*Work item*: Copy every line of the data that contains the string "finally".

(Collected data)
lemma finite_Tvars: "finite (Tvars l)"
  by (simp add: Tvars_image)

lemma prod_Tvars:
  assumes "\<And>w. f w 0 = 1" "keys m - {Q} \<subseteq> Tvars l"
  shows "(\<Prod>w\<in>keys m - {Q}. f w (lookup m w))
       = (\<Prod>i<l. f (X (Suc i)) (lookup m (X (Suc i))) * f (Y (Suc i)) (lookup m (Y (Suc i))))"
proof -
  have "(\<Prod>w\<in>keys m - {Q}. f w (lookup m w)) = (\<Prod>w\<in>Tvars l. f w (lookup m w))"
    using assms finite_Tvars by (intro prod.mono_neutral_left) (auto simp: in_keys_iff Tvars_def)
  also have "\<dots> = (\<Prod>w\<in>(\<lambda>i. X (Suc i)) ` {..<l}. f w (lookup m w)) * (\<Prod>w\<in>(\<lambda>i. Y (Suc i)) ` {..<l}. f w (lookup m w))"
    unfolding Tvars_image by (rule prod.union_disjoint) auto
  also have "\<dots> = (\<Prod>i<l. f (X (Suc i)) (lookup m (X (Suc i)))) * (\<Prod>i<l. f (Y (Suc i)) (lookup m (Y (Suc i))))"
    by (simp add: prod.reindex inj_on_def)
  finally show ?thesis by (simp add: prod.distrib)
qed

lemma pair_coeffs_coord_X:
  "i < length u \<Longrightarrow> pair_coeffs (\<lambda>j. coord (Y j)) (\<lambda>j. coord (X j)) u v (X (Suc i)) = of_nat (v!i)"
  unfolding pair_coeffs_def coord_def by (simp add: if_distrib[of "\<lambda>x. _ * x"] sum.delta' cong: if_cong)

lemma pair_coeffs_coord_Y:
  "i < length u \<Longrightarrow> pair_coeffs (\<lambda>j. coord (Y j)) (\<lambda>j. coord (X j)) u v (Y (Suc i)) = of_nat (u!i)"
  unfolding pair_coeffs_def coord_def by (simp add: if_distrib[of "\<lambda>x. _ * x"] sum.delta' cong: if_cong)

lemma pair_coeffs_coord_other:
  "w \<notin> Tvars (length u) \<Longrightarrow> pair_coeffs (\<lambda>j. coord (Y j)) (\<lambda>j. coord (X j)) u v w = 0"
  unfolding pair_coeffs_def coord_def Tvars_def by (intro sum.neutral) auto

lemma qexp_pair_coeffs_coord_apply:
  assumes "length u = l" "keys m - {Q} \<subseteq> Tvars l"
  shows "qexp (lookup m Q) (pair_coeffs (\<lambda>j. coord (Y j)) (\<lambda>j. coord (X j)) u v) m
       = (\<Prod>j<l. of_nat (u!j) ^ lookup m (Y (Suc j)) / fact (lookup m (Y (Suc j)))
                  * of_nat (v!j) ^ lookup m (X (Suc j)) / fact (lookup m (X (Suc j))))"
proof -
  let ?C = "pair_coeffs (\<lambda>j. coord (Y j)) (\<lambda>j. coord (X j)) u v"
  have "qexp (lookup m Q) ?C m = (\<Prod>w\<in>keys m - {Q}. ?C w ^ lookup m w / fact (lookup m w))"
    by (simp add: qexp_apply)
  also have "\<dots> = (\<Prod>i<l. ?C (X (Suc i)) ^ lookup m (X (Suc i)) / fact (lookup m (X (Suc i)))
                          * (?C (Y (Suc i)) ^ lookup m (Y (Suc i)) / fact (lookup m (Y (Suc i)))))"
    by (rule prod_Tvars) (simp_all add: assms)
  also have "\<dots> = (\<Prod>j<l. of_nat (u!j) ^ lookup m (Y (Suc j)) / fact (lookup m (Y (Suc j)))
                  * of_nat (v!j) ^ lookup m (X (Suc j)) / fact (lookup m (X (Suc j))))"
    by (rule prod.cong) (auto simp: assms pair_coeffs_coord_X pair_coeffs_coord_Y mult_ac)
  finally show ?thesis .
qed

lemma mps_sum_pair_index_apply:
  "mps_sum (\<lambda>(u,v). qexp (pair_weight u v) (pair_coeffs A B u v)) (pair_index l) m =
   (\<Sum>(u,v)\<in>{(u,v)\<in>pair_index l. pair_weight u v = lookup m Q}. qexp (pair_weight u v) (pair_coeffs A B u v) m)"
proof -
  let ?S = "{(u,v)\<in>pair_index l. pair_weight u v = lookup m Q}"
  have "finite {x\<in>pair_index l. (\<lambda>(u,v). pair_weight u v) x \<le> lookup m Q}"
    using locally_finite_pair_index[of A B l] unfolding locally_finite_def by blast
  then have "finite ?S" by (rule finite_subset[rotated]) auto
  then have "mps_sum (\<lambda>(u,v). qexp (pair_weight u v) (pair_coeffs A B u v)) (pair_index l) m
      = (\<Sum>x\<in>?S. (\<lambda>(u,v). qexp (pair_weight u v) (pair_coeffs A B u v)) x m)"
    by (rule mps_sum_eq_sum) (auto dest: qexp_nonzero_lookup_Q)
  then show ?thesis by (simp add: split_beta)
qed

lemma Tgen_eq_pair_sum:
  "Tgen l = mps_sum (\<lambda>(u,v). qexp (pair_weight u v) (pair_coeffs (\<lambda>j. coord (Y j)) (\<lambda>j. coord (X j)) u v))
                    (pair_index l)"
proof
  fix m :: mono
  let ?C = "\<lambda>u v. pair_coeffs (\<lambda>j. coord (Y j)) (\<lambda>j. coord (X j)) u v"
  let ?S = "{(u,v)\<in>pair_index l. pair_weight u v = lookup m Q}"
  show "Tgen l m = mps_sum (\<lambda>(u,v). qexp (pair_weight u v) (?C u v)) (pair_index l) m"
  proof (cases "keys m - {Q} \<subseteq> Tvars l")
    case True
    let ?s = "map (\<lambda>j. lookup m (X j) + 1) [1..<l+1]" and ?r = "map (\<lambda>j. lookup m (Y j)) [1..<l+1]"
    have S: "{(u, v). length u = length ?s \<and> length v = length ?s \<and> sorted_wrt (>) u
               \<and> (\<forall>x\<in>set u. 0 < x) \<and> (\<forall>x\<in>set v. 0 < x) \<and> (\<Sum>j<length ?s. u ! j * v ! j) = lookup m Q} = ?S"
      by (auto simp: pair_index_def pos_tuples_def decr_tuples_def pair_weight_def simp del: upt_Suc)
    have "Tgen l m = (\<Sum>(u,v)\<in>?S. \<Prod>j<length ?s. of_nat (u ! j) ^ (?r ! j) / fact (?r ! j)
                                     * of_nat (v ! j) ^ (?s ! j - 1) / fact (?s ! j - 1))"
      using True unfolding Tgen_def bibracket_def S[symmetric] Tvars_def by (auto simp del: upt_Suc)
    also have "\<dots> = (\<Sum>(u,v)\<in>?S. \<Prod>j<l. of_nat (u!j) ^ lookup m (Y (Suc j)) / fact (lookup m (Y (Suc j)))
                  * of_nat (v!j) ^ lookup m (X (Suc j)) / fact (lookup m (X (Suc j))))"
      by (intro sum.cong refl prod.cong) (auto simp: nth_upt simp del: upt_Suc)
    also have "\<dots> = (\<Sum>(u,v)\<in>?S. qexp (pair_weight u v) (?C u v) m)"
      using True
      by (intro sum.cong refl) (auto simp: qexp_pair_coeffs_coord_apply pair_index_def decr_tuples_def)
    finally show ?thesis by (simp add: mps_sum_pair_index_apply)
  next
    case False
    then obtain w where w: "w \<in> keys m" "w \<noteq> Q" "w \<notin> Tvars l" by auto
    have "qexp (pair_weight u v) (?C u v) m = 0" if "(u, v) \<in> pair_index l" for u v
      using that w qexp_nonzero_keys pair_coeffs_coord_other
      by (fastforce simp: pair_index_def decr_tuples_def)
    then show ?thesis
      using False by (auto simp: Tgen_def Tvars_def mps_sum_pair_index_apply intro!: sum.neutral)
  qed
qed

section \<open>Conjugation of the index pairs\<close>

text \<open>\<open>rev_prefix_sums v = (v\<^sub>1 + \<dots> + v\<^sub>l, \<dots>, v\<^sub>1 + v\<^sub>2, v\<^sub>1)\<close> is strictly decreasing when \<open>v > 0\<close>;
  its inverse \<open>rev_gaps u = (u\<^sub>l, u\<^sub>l\<^sub>-\<^sub>1 - u\<^sub>l, \<dots>, u\<^sub>1 - u\<^sub>2)\<close> lists the gaps of \<open>u\<close> from the bottom.
  Lists are indexed from \<open>0\<close>, so \<open>u ! i\<close> is \<open>u\<^sub>i\<^sub>+\<^sub>1\<close>.\<close>
definition rev_prefix_sums :: "nat list \<Rightarrow> nat list" where
  "rev_prefix_sums v = map (\<lambda>i. \<Sum>j<length v - i. v!j) [0..<length v]"

definition rev_gaps :: "nat list \<Rightarrow> nat list" where
  "rev_gaps u = map (\<lambda>k. u!(length u - 1 - k) - (if k = 0 then 0 else u!(length u - k))) [0..<length u]"

lemma length_rev_prefix_sums [simp]: "length (rev_prefix_sums v) = length v"
  by (simp add: rev_prefix_sums_def)

lemma length_rev_gaps [simp]: "length (rev_gaps u) = length u"
  by (simp add: rev_gaps_def)

lemma nth_rev_prefix_sums: "i < length v \<Longrightarrow> rev_prefix_sums v ! i = (\<Sum>j<length v - i. v!j)"
  by (simp add: rev_prefix_sums_def)

lemma nth_rev_gaps: "k < length u \<Longrightarrow> rev_gaps u ! k = u!(length u - 1 - k) - (if k = 0 then 0 else u!(length u - k))"
  by (simp add: rev_gaps_def)

lemma sum_telescope_mono:
  "(\<And>k. 1 \<le> k \<Longrightarrow> k < n \<Longrightarrow> b (k - 1) \<le> b k) \<Longrightarrow> 1 \<le> (n::nat) \<Longrightarrow>
    (\<Sum>k<n. b k - (if k = 0 then 0 else b (k - 1))) = (b (n - 1) :: nat)"
proof (induction n)
  case 0 then show ?case by simp
next
  case (Suc n)
  show ?case
  proof (cases "n = 0")
    case True then show ?thesis by simp
  next
    case False
    then have IH: "(\<Sum>k<n. b k - (if k = 0 then 0 else b (k - 1))) = b (n - 1)"
      using Suc.prems by (intro Suc.IH) auto
    have "b (n - 1) \<le> b n" using Suc.prems(1)[of n] False by simp
    then show ?thesis using IH False by simp
  qed
qed

lemma decr_tuples_nth_less: "u \<in> decr_tuples l \<Longrightarrow> i < j \<Longrightarrow> j < length u \<Longrightarrow> u!j < u!i"
  unfolding decr_tuples_def by (auto simp: sorted_wrt_iff_nth_less)

lemma decr_tuples_nth_pos: "u \<in> decr_tuples l \<Longrightarrow> i < length u \<Longrightarrow> 0 < u!i"
  unfolding decr_tuples_def by auto

lemma rev_prefix_sums_rev_gaps:
  assumes u: "u \<in> decr_tuples l"
  shows "rev_prefix_sums (rev_gaps u) = u"
proof (rule nth_equalityI)
  show "length (rev_prefix_sums (rev_gaps u)) = length u" by simp
  fix i assume i: "i < length (rev_prefix_sums (rev_gaps u))"
  let ?n = "length u"
  let ?b = "\<lambda>k. u!(?n - 1 - k)"
  have "rev_prefix_sums (rev_gaps u) ! i = (\<Sum>k<?n - i. rev_gaps u ! k)" using i by (simp add: nth_rev_prefix_sums)
  also have "\<dots> = (\<Sum>k<?n - i. ?b k - (if k = 0 then 0 else ?b (k - 1)))"
  proof (rule sum.cong)
    fix k assume k: "k \<in> {..<?n - i}"
    then have "?n - 1 - (k - 1) = ?n - k" if "k \<noteq> 0" using that by simp
    then show "rev_gaps u ! k = ?b k - (if k = 0 then 0 else ?b (k - 1))" using k by (simp add: nth_rev_gaps)
  qed simp
  also have "\<dots> = ?b (?n - i - 1)"
  proof (rule sum_telescope_mono)
    fix k assume k: "1 \<le> k" "k < ?n - i"
    have "?n - 1 - (k - 1) = ?n - k" using k by simp
    moreover have "u!(?n - k) < u!(?n - 1 - k)" using k i by (intro decr_tuples_nth_less[OF u]) auto
    ultimately show "?b (k - 1) \<le> ?b k" by simp
  qed (use i in simp)
  also have "\<dots> = u!i" using i by (simp add: Suc_diff_Suc)
  finally show "rev_prefix_sums (rev_gaps u) ! i = u ! i" .
qed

*Answer to this problem*:
  finally show ?thesis by (simp add: prod.distrib)
  finally show ?thesis .
    finally show ?thesis by (simp add: mps_sum_pair_index_apply)
  finally show "rev_prefix_sums (rev_gaps u) ! i = u ! i" .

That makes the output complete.